For the souffle batter

  • Heat 1½ cups milk in a small heavy saucepan until bubbling but not boiling; keep warm.
  • Melt remaining 4 tablespoons butter in a medium heavy saucepan over medium heat. Stir in the flour with a wooden spoon. Cook and stir 2 minutes. Remove pan from heat and whisk in hot milk; sauce should be smooth.
  • Return pan to medium-high heat and bring to a boil. whisking constantly. Cook and whisk until very thick, about 2 minutes.
  • Remove pan from heat and whisk in the egg yolks one at a time. Whisk in nutmeg, salt, and pepper. Scrape into a large bowl and film the top of the béchamel with 1 to 2 tablespoons cold milk to prevent a skin from forming. (Sauce can be tepid to warm when folding in the beaten egg whites). Instructions below.
  • In the bowl of a stand mixer, beat egg whites with a pinch of salt on medium speed until frothy, about 1 minute. Add cream of tartar and beat until soft peaks form. Increase speed to medium-high, and beat until moist stiff peaks form, 1 to 2 minutes.
  • Whisk the béchamel until smooth. Whisk in one-fourth of the egg whites to lighten. Gently fold in remaining whites. Sprinkle on the cheese as you fold, and fold just until no white streaks remain.
  • Spread the souffle batter evenly and gently in prepared pan. Bake about 10 minutes, until souffle has puffed, springs back when gently pressed in the center, and is nicely browned on top with large cracks in a few places. Do not overbake or the souffle may be too firm to roll up later.

For the serving sauce

  • While the roulade bakes, pour the reserved zucchini juice int a 2-cup glass measure with a pouring spout. Add enough whole milk to make 1⅔, then add the heavy cream. Pour into a small heavy saucepan and heat almost to the boiling point.
  • Melt 2 tablespoons butter in another small heavy saucepan over medium heat. Stir in the flour with a wooden spoon. Cook and stir 2 minutes. Remove pan from heat and whisk in the hot liquid; sauce should be smooth.
  • Return pan to medium-high heat and bring to a boil, whisking constantly. Cook and whisk until thick, about 2 minutes.
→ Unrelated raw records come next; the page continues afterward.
lemma expected_sq_med_le_1:
  assumes "1 \<le> d"
  shows "integrable (unif_cube d) (\<lambda>x. (med d x)\<^sup>2) \<and> (\<integral>x. (med d x)\<^sup>2 \<partial>unif_cube d) \<le> 1"
proof -
  interpret prob_space "unif_cube d"
    by (rule prob_space_unif_cube)
  have "AE x in unif_cube d. 0 \<le> (med d x)\<^sup>2 \<and> (med d x)\<^sup>2 \<le> 1 * indicator (space (unif_cube d)) x"
    using AE_unif_cube_unit AE_space
    by eventually_elim (use med_between[OF assms, of 0 _ 1] in \<open>auto intro!: power_le_one\<close>)
  then have "integrable (unif_cube d) (\<lambda>x. (med d x)\<^sup>2) \<and>
      (\<integral>x. (med d x)\<^sup>2 \<partial>unif_cube d) \<le> 1 * measure (unif_cube d) (space (unif_cube d))"
    using assms by (intro integral_le_bound_times_measure) auto
  then show ?thesis
    by (simp add: prob_space)
qed

lemma median_net_width:
  assumes "1 \<le> d"
  shows "real (max ((2 * d + 1) * d) (8 * d)) \<le> 8 * real d ^ 2"
proof -
  have "max ((2 * d + 1) * d) (8 * d) \<le> 8 * d ^ 2"
    using assms by (simp add: power2_eq_square)
  then have "real (max ((2 * d + 1) * d) (8 * d)) \<le> real (8 * d ^ 2)"
    by (rule of_nat_mono)
  then show ?thesis
    by simp
qed

lemma dim_le_weight_bound:
  assumes "1 \<le> d" "0 < \<epsilon>" "\<epsilon> < 1"
  shows "real d \<le> 12 * real d ^ 4 / \<epsilon>"
proof -
  have "\<epsilon> * real d \<le> real d"
    using assms(2,3) by (intro mult_left_le_one_le) auto
  also have "\<dots> \<le> real d ^ 4"
    using assms(1) by (intro self_le_power) auto
  also have "\<dots> \<le> 12 * real d ^ 4"
    by simp
  finally show ?thesis
    using assms(2) by (simp add: field_simps)
qed

theorem theorem3p1:
  "\<exists>C::real. \<forall>d::nat. \<forall>\<epsilon>::real. d \<ge> 1 \<longrightarrow> \<epsilon> > 0 \<longrightarrow>
     (\<exists>k1 k2 W1 b1 W2 b2 w3 b3.
        real (max k1 k2) \<le> C * real d ^ 2 \<and>
        params_bounded d k1 k2 W1 b1 W2 b2 w3 b3 (12 * real d ^ 4 / \<epsilon>) \<and>
        integrable (unif_cube d) (\<lambda>x. (net3 d k1 k2 W1 b1 W2 b2 w3 b3 x - med d x)\<^sup>2) \<and>
        (\<integral>x. (net3 d k1 k2 W1 b1 W2 b2 w3 b3 x - med d x)\<^sup>2 \<partial>unif_cube d) \<le> \<epsilon>)"
proof (rule exI[of _ 8], intro allI impI)
  fix d :: nat and \<epsilon> :: real
  assume d: "d \<ge> 1" and \<epsilon>: "\<epsilon> > 0"
  show "\<exists>k1 k2 W1 b1 W2 b2 w3 b3.
        real (max k1 k2) \<le> 8 * real d ^ 2 \<and>
        params_bounded d k1 k2 W1 b1 W2 b2 w3 b3 (12 * real d ^ 4 / \<epsilon>) \<and>
        integrable (unif_cube d) (\<lambda>x. (net3 d k1 k2 W1 b1 W2 b2 w3 b3 x - med d x)\<^sup>2) \<and>
        (\<integral>x. (net3 d k1 k2 W1 b1 W2 b2 w3 b3 x - med d x)\<^sup>2 \<partial>unif_cube d) \<le> \<epsilon>"
  proof (cases "\<epsilon> < 1")
    case True
    define M where "M = 12 * real d ^ 4 / \<epsilon>"
    have M_ge: "real d \<le> M" and M: "0 < M" and accuracy: "12 * real d ^ 4 / M = \<epsilon>"
      using dim_le_weight_bound[OF d \<epsilon> True] d \<epsilon> by (auto simp: M_def)
    show ?thesis
      using median_net_width[OF d] median_net_params_bounded[OF d M_ge]
        expected_sq_error_median_net[OF d M]
      unfolding median_net_def accuracy M_def[symmetric] by blast
  next
    (* For \<epsilon> \<ge> 1 the weight bound may be below the biases of the median network,
       but the zero network already has error E[med^2] \<le> 1. *)
    case False
    then show ?thesis
      using expected_sq_med_le_1[OF d] \<epsilon>
      by (intro exI[of _ 0] exI[of _ "\<lambda>_ _. 0"] exI[of _ "\<lambda>_. 0"])
        (auto simp: net3_def params_bounded_def)
  qed
qed

end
Remove pan from heat and whisk in remaining 2 tablespoons butter, 1 tablespoon at a time. Season sauce to taste with salt, pepper, and nutmeg.

Putting it all together and serving

  • When the souffle has settled, sprinkle the top with toasted breadcrumbs. Cover with a sheet of parchment or wax paper with an overhang of about 2 inches at each end. Set a cookie sheet over the souffle and invert the two. Wait 2 minutes, then lift off the baking pan and carefully remove the wax paper. If you see brittle edges, cut them off.
  • Spread the heated vegetables evenly over the souffle, to the edges. Roll up the souffle from one of the long sides using the parchment or wax paper to help you.
  • When completely rolled and the seam side down, transfer the roulade to a serving platter or large board. Cut into 12 slices and place 2 on each dinner plate. Spoon a generous amount of sauce over the slices and serve immediately.